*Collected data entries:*
┌──

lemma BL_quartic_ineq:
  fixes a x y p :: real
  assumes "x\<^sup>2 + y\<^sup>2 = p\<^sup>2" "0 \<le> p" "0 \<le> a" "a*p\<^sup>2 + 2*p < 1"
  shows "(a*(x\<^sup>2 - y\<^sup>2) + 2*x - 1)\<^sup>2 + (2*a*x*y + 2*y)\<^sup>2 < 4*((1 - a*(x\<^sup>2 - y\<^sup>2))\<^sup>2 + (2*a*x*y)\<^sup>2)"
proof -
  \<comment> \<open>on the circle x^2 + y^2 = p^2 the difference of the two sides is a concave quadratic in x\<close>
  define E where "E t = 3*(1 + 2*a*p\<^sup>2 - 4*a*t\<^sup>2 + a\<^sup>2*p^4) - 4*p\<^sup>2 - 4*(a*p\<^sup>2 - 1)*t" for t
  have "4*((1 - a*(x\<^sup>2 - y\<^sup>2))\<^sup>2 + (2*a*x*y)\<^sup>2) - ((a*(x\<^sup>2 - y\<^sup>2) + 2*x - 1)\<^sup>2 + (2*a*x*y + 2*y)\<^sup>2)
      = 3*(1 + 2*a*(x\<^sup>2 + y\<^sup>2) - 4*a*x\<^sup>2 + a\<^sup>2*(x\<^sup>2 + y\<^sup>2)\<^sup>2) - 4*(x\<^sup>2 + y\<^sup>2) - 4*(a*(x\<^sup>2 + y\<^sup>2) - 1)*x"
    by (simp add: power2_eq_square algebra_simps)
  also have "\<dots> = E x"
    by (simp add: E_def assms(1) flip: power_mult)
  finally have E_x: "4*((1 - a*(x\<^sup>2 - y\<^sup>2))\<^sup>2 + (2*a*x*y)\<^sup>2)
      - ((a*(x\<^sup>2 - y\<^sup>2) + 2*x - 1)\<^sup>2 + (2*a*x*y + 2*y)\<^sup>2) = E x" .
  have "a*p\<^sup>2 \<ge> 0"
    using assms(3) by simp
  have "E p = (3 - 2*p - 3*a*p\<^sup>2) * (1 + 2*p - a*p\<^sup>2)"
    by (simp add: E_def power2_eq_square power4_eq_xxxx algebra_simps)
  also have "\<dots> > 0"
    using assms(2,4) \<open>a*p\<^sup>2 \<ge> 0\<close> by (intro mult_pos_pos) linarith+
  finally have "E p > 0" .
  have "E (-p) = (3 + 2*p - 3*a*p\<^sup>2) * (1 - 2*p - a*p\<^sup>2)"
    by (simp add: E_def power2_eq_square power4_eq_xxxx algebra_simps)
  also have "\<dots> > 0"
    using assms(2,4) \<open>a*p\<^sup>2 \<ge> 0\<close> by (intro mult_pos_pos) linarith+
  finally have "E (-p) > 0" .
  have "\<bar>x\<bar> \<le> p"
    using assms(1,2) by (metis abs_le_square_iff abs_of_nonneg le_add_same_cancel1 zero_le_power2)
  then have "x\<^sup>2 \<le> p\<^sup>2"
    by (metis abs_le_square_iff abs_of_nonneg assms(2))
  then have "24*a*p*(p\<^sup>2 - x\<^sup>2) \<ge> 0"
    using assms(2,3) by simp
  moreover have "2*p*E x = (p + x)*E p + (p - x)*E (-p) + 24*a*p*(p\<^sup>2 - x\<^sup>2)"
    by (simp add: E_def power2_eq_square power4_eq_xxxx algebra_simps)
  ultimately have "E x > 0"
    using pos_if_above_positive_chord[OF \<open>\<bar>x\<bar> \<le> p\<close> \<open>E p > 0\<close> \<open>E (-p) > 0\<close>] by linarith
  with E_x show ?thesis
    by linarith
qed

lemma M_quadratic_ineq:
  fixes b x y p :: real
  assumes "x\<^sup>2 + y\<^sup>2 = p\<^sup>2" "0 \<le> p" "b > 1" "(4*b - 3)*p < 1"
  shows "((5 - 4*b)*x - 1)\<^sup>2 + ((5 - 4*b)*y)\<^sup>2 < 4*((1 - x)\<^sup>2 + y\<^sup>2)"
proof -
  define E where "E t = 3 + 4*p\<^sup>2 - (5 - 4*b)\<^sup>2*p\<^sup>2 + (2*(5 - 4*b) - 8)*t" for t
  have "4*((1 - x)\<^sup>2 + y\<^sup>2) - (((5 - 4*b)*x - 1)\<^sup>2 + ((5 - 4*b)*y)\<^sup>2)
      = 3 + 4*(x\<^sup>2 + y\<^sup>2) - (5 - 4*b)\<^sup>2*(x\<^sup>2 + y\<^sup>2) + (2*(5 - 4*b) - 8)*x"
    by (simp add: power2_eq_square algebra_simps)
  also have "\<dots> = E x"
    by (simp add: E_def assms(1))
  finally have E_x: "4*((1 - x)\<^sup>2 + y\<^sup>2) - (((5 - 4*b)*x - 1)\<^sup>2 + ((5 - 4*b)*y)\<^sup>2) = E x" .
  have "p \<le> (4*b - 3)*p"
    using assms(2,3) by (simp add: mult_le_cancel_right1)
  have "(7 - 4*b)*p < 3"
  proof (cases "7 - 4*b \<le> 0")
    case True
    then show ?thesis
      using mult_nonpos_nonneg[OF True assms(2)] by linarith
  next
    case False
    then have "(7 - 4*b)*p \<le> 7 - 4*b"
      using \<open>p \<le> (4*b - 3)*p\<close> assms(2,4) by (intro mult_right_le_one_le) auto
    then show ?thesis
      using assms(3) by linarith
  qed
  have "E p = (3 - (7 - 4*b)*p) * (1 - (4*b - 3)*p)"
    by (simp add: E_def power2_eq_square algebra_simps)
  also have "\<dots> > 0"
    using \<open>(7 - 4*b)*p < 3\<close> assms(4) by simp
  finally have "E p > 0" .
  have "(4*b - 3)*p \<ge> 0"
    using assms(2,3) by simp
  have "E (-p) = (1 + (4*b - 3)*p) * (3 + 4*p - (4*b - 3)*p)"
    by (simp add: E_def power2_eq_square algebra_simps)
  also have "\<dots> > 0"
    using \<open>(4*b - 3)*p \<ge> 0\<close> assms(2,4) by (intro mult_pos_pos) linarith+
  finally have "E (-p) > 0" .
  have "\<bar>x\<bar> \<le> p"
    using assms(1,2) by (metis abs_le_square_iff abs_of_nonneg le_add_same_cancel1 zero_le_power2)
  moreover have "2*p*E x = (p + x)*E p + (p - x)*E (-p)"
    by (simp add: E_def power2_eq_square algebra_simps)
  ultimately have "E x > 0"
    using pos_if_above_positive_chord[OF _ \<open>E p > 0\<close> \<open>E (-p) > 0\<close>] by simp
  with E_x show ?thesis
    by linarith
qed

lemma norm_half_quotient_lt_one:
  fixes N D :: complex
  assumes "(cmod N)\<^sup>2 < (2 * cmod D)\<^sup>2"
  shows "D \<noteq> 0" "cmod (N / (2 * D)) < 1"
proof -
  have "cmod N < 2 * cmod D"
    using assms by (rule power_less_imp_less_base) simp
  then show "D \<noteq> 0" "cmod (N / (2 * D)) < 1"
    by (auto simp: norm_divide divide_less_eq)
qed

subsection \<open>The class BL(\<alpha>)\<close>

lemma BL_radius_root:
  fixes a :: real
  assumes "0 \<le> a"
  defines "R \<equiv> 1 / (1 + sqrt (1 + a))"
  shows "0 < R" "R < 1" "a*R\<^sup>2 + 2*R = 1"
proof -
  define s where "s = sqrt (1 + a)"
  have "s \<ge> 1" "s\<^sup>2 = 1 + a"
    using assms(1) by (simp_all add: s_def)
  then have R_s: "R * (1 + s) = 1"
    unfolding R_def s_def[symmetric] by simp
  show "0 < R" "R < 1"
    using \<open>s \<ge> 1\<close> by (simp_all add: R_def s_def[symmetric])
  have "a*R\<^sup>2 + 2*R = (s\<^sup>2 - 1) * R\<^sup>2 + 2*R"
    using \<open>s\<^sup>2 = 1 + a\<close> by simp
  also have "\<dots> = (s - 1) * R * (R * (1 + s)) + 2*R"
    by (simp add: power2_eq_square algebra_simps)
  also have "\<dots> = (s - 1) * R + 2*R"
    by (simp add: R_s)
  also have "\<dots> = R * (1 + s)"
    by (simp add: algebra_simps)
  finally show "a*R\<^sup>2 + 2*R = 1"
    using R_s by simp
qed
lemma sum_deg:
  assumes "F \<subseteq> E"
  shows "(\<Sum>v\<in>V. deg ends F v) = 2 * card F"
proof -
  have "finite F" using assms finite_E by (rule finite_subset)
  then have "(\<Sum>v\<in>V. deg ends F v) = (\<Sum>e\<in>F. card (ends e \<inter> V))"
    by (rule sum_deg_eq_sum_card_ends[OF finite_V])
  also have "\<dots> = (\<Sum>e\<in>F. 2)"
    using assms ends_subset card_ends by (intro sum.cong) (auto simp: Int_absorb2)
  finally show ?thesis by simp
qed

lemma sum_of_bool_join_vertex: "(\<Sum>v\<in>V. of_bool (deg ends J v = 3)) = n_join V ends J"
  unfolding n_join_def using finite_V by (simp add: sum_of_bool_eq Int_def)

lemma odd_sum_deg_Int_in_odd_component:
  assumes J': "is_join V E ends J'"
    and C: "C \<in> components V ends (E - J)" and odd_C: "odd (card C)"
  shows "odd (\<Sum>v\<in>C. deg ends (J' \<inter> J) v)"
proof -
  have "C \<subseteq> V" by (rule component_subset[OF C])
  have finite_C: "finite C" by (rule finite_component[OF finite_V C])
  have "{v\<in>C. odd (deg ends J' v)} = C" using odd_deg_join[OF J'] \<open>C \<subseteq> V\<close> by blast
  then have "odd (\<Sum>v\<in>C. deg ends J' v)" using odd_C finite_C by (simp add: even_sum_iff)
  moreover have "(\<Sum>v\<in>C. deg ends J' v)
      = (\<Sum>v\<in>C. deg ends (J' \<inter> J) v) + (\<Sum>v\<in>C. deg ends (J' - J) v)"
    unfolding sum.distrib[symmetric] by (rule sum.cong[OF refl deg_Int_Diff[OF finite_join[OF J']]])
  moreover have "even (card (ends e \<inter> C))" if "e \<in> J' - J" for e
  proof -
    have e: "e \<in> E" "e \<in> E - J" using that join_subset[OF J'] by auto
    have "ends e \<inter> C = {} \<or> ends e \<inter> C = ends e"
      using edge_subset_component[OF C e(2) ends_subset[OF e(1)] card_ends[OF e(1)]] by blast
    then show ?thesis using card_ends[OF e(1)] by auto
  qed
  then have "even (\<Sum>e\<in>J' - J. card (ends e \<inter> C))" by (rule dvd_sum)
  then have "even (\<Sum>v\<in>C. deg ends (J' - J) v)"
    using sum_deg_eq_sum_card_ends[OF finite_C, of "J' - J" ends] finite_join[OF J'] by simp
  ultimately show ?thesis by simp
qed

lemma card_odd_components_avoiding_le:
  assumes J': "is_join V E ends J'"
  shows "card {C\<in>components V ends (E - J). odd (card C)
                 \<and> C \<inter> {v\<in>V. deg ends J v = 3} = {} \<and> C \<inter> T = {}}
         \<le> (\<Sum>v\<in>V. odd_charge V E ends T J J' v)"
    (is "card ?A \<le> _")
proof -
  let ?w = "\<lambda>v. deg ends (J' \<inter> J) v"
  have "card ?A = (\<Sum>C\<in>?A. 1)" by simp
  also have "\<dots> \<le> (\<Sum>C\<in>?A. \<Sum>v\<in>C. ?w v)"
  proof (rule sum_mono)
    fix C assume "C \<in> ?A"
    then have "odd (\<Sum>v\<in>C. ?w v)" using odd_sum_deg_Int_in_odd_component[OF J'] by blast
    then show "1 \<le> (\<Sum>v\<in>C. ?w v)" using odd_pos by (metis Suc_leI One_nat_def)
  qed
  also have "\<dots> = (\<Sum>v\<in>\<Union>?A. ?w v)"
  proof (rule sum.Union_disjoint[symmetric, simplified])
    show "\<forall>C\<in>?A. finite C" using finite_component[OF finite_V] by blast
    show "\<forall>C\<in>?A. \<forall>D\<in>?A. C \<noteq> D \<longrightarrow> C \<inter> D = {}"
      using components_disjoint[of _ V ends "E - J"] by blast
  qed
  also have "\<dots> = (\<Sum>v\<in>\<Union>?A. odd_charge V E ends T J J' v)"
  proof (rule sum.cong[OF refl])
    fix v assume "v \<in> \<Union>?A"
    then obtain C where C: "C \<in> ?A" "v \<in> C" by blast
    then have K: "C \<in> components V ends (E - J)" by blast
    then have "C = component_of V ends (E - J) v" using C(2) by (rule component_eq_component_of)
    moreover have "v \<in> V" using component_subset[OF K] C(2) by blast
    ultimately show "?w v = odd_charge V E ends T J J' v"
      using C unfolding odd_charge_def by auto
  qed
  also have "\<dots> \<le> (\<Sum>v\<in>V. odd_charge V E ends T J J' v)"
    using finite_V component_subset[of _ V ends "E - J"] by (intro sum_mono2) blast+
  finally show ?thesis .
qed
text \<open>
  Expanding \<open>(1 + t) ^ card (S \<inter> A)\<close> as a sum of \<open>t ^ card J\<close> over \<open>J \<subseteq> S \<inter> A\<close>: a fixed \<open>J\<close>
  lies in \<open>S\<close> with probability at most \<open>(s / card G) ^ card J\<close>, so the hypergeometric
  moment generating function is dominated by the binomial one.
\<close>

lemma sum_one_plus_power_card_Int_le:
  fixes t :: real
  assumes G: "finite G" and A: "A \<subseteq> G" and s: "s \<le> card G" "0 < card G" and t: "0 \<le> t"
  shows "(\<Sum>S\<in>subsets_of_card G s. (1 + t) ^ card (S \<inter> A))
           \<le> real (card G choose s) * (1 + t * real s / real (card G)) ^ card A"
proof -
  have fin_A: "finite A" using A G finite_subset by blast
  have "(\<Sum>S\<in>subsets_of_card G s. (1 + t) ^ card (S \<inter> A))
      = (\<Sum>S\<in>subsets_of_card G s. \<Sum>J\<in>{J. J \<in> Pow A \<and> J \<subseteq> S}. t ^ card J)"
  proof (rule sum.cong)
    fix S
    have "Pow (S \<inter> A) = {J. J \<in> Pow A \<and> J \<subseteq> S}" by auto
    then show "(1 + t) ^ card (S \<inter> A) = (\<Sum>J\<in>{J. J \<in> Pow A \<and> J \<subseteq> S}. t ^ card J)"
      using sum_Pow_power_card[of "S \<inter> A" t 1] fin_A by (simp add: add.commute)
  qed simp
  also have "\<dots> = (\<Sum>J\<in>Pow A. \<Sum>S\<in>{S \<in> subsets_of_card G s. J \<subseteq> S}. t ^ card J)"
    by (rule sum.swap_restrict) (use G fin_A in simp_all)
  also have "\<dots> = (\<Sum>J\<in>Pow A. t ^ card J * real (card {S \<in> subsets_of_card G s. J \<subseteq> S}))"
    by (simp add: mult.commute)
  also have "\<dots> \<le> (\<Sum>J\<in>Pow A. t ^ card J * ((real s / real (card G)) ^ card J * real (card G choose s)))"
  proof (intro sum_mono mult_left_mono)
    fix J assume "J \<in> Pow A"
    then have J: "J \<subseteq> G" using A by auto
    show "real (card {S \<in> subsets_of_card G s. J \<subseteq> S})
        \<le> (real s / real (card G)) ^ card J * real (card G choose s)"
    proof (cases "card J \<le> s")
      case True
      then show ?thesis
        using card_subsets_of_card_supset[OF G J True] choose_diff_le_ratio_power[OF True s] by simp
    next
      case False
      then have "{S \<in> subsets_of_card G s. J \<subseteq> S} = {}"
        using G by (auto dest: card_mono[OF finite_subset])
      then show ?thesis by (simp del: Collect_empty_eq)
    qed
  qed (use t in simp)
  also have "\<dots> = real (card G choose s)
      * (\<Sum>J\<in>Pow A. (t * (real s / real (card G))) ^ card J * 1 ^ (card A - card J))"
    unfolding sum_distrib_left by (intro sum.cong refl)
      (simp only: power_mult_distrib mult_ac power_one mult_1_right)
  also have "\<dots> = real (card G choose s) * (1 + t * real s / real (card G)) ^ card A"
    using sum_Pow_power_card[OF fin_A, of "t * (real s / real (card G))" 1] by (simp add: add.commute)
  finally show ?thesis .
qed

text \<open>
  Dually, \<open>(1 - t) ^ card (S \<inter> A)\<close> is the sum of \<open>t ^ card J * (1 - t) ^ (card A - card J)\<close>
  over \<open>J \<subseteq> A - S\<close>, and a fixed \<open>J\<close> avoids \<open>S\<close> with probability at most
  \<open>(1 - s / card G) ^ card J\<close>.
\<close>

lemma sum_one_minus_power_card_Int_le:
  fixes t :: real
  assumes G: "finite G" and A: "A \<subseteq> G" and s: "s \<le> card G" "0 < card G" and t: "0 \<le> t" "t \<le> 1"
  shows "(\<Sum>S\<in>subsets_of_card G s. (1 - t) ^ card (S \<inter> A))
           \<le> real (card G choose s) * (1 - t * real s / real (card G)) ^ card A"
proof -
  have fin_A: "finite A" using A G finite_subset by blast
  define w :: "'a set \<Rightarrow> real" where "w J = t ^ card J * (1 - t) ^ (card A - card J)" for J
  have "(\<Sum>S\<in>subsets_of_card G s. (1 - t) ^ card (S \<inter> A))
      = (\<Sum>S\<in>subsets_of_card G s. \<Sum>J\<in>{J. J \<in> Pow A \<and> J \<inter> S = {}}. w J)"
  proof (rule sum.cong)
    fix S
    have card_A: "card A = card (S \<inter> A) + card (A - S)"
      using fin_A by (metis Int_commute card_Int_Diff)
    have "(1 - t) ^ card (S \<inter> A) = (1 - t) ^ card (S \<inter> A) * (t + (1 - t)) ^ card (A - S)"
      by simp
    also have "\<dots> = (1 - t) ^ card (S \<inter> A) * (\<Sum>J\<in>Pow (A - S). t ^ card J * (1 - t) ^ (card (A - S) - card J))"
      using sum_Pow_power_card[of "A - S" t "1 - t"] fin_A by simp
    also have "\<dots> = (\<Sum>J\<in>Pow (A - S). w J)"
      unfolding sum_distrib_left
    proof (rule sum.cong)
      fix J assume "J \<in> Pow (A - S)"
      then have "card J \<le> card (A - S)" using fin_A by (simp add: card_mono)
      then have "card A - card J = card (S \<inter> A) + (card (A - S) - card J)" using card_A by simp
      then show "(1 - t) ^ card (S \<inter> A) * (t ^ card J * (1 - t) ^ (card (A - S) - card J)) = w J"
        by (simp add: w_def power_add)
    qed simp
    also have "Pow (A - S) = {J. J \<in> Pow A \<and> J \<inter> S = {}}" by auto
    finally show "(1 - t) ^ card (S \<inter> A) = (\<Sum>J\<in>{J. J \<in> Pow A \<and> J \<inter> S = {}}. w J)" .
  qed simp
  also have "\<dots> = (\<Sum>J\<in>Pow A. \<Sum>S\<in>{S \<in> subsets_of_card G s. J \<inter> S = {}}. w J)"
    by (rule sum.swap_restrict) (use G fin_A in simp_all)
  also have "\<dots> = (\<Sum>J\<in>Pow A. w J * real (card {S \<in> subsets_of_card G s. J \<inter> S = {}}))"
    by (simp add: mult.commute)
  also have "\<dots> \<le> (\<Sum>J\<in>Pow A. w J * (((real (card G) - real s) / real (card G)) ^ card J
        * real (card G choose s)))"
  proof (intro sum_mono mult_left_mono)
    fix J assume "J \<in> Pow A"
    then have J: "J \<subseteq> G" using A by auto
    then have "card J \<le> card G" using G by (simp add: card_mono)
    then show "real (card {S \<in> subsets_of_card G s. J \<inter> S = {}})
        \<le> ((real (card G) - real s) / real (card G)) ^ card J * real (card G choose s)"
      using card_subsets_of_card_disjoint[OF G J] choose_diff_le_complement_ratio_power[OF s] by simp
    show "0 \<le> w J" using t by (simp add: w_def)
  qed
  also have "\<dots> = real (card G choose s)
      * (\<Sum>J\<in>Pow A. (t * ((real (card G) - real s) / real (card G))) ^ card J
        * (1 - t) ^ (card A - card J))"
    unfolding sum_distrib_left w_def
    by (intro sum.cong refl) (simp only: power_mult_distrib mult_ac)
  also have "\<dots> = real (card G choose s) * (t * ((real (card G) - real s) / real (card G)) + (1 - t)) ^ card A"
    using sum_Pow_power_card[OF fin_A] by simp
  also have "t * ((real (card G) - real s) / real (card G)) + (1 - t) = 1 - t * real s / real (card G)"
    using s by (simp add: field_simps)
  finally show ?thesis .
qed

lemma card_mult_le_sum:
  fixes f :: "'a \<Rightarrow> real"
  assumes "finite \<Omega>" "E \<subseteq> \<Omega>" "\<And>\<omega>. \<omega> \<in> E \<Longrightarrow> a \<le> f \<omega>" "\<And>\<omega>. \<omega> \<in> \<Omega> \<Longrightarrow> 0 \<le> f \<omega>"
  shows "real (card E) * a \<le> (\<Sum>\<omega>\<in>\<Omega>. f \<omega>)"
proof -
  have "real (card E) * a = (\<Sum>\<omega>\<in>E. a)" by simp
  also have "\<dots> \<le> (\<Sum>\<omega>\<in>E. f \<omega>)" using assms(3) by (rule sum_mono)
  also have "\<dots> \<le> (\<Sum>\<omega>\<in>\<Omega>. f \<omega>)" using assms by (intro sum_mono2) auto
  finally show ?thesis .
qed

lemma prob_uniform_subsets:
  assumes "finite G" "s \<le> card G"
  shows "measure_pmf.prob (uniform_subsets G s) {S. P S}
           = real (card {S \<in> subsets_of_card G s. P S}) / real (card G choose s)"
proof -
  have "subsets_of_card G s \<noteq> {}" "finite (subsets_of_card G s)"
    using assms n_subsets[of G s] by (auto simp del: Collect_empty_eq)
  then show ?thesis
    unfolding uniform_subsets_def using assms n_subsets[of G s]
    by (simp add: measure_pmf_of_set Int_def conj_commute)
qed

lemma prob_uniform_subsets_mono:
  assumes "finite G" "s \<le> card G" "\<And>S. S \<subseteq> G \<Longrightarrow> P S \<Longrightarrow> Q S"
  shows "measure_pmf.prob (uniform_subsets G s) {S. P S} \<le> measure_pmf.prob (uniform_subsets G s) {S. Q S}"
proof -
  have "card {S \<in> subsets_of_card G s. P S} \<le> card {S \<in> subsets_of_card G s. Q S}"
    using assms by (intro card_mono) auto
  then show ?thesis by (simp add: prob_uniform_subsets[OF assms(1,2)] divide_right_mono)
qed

└──

*Task statement:* There is a line with "unfolding n_join_def using" and a line with "using sum_deg_eq_sum_card_ends[OF finite_C, of" above. Copy exactly those two lines and all lines between them, with nothing else.

*Exercise solution:*
  unfolding n_join_def using finite_V by (simp add: sum_of_bool_eq Int_def)

lemma odd_sum_deg_Int_in_odd_component:
  assumes J': "is_join V E ends J'"
    and C: "C \<in> components V ends (E - J)" and odd_C: "odd (card C)"
  shows "odd (\<Sum>v\<in>C. deg ends (J' \<inter> J) v)"
proof -
  have "C \<subseteq> V" by (rule component_subset[OF C])
  have finite_C: "finite C" by (rule finite_component[OF finite_V C])
  have "{v\<in>C. odd (deg ends J' v)} = C" using odd_deg_join[OF J'] \<open>C \<subseteq> V\<close> by blast
  then have "odd (\<Sum>v\<in>C. deg ends J' v)" using odd_C finite_C by (simp add: even_sum_iff)
  moreover have "(\<Sum>v\<in>C. deg ends J' v)
      = (\<Sum>v\<in>C. deg ends (J' \<inter> J) v) + (\<Sum>v\<in>C. deg ends (J' - J) v)"
    unfolding sum.distrib[symmetric] by (rule sum.cong[OF refl deg_Int_Diff[OF finite_join[OF J']]])
  moreover have "even (card (ends e \<inter> C))" if "e \<in> J' - J" for e
  proof -
    have e: "e \<in> E" "e \<in> E - J" using that join_subset[OF J'] by auto
    have "ends e \<inter> C = {} \<or> ends e \<inter> C = ends e"
      using edge_subset_component[OF C e(2) ends_subset[OF e(1)] card_ends[OF e(1)]] by blast
    then show ?thesis using card_ends[OF e(1)] by auto
  qed
  then have "even (\<Sum>e\<in>J' - J. card (ends e \<inter> C))" by (rule dvd_sum)
  then have "even (\<Sum>v\<in>C. deg ends (J' - J) v)"
    using sum_deg_eq_sum_card_ends[OF finite_C, of "J' - J" ends] finite_join[OF J'] by simp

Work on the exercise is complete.